Required work >> Below are some entries. Repeat exactly the lines from the one with "semidefinite: after splitting" through the one with "entries are \<open>exp", and only those.

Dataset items
_ _ _ _ _

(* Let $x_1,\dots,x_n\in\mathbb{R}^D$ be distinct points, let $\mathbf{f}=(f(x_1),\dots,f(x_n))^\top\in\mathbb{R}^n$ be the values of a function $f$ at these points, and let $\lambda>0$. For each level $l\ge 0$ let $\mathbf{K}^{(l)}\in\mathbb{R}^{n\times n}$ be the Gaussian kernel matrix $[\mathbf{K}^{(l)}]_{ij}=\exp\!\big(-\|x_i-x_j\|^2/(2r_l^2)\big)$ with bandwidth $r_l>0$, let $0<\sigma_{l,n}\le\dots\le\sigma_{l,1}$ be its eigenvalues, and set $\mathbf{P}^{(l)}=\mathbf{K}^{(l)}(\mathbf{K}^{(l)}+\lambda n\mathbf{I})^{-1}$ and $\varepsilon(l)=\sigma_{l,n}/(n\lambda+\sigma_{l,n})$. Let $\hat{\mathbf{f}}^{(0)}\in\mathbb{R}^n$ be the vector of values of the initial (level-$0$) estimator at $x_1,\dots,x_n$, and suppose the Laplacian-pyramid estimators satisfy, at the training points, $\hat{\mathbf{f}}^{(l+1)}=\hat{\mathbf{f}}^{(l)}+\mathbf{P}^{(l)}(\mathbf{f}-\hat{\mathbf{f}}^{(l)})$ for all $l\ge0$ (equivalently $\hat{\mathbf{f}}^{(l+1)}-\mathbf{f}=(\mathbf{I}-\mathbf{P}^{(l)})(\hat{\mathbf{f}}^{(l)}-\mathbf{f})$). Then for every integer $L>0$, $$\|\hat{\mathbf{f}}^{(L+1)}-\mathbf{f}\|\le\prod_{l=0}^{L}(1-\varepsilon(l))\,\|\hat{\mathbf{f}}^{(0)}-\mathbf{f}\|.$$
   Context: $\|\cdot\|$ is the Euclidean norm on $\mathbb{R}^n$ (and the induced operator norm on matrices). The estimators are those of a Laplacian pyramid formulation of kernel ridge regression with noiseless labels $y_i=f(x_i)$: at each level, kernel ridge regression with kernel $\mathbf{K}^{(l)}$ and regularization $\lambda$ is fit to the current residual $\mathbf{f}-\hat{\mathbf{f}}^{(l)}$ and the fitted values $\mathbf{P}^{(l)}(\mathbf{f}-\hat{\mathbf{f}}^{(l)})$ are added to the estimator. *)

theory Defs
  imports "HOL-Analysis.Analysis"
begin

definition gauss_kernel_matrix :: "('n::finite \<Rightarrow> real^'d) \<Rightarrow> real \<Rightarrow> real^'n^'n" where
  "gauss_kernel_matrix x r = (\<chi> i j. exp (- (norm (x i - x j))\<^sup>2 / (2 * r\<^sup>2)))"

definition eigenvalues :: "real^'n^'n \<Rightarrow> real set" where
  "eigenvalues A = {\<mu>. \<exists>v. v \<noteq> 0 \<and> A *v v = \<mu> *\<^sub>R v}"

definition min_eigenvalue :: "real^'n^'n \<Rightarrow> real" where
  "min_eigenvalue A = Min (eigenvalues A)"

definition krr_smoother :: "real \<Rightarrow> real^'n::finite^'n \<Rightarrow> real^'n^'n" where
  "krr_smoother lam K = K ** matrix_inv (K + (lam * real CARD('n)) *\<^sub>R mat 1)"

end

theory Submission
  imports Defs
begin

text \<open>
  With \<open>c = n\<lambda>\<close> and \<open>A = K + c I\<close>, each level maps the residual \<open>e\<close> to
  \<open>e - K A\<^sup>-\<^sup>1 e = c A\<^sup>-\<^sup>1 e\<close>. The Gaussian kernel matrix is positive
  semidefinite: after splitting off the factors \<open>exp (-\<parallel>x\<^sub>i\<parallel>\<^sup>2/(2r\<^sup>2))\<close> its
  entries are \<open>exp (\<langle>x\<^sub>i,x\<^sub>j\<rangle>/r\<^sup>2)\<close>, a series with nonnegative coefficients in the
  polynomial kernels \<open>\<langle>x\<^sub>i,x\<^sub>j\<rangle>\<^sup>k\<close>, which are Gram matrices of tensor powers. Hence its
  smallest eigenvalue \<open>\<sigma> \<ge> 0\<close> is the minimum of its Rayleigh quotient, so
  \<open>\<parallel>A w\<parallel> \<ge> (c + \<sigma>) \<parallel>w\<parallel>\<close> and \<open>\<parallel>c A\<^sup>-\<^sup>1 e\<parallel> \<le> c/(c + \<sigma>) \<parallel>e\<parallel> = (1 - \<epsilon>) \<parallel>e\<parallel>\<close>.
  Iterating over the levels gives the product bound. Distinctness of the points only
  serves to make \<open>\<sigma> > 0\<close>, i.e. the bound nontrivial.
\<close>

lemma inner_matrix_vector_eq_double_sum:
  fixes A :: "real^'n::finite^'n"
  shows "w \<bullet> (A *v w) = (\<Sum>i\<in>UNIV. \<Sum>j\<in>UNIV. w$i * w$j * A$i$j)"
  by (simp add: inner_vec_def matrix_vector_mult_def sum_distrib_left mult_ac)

_ _ _ _ _

Response to the task >>
  semidefinite: after splitting off the factors \<open>exp (-\<parallel>x\<^sub>i\<parallel>\<^sup>2/(2r\<^sup>2))\<close> its
  entries are \<open>exp (\<langle>x\<^sub>i,x\<^sub>j\<rangle>/r\<^sup>2)\<close>, a series with nonnegative coefficients in the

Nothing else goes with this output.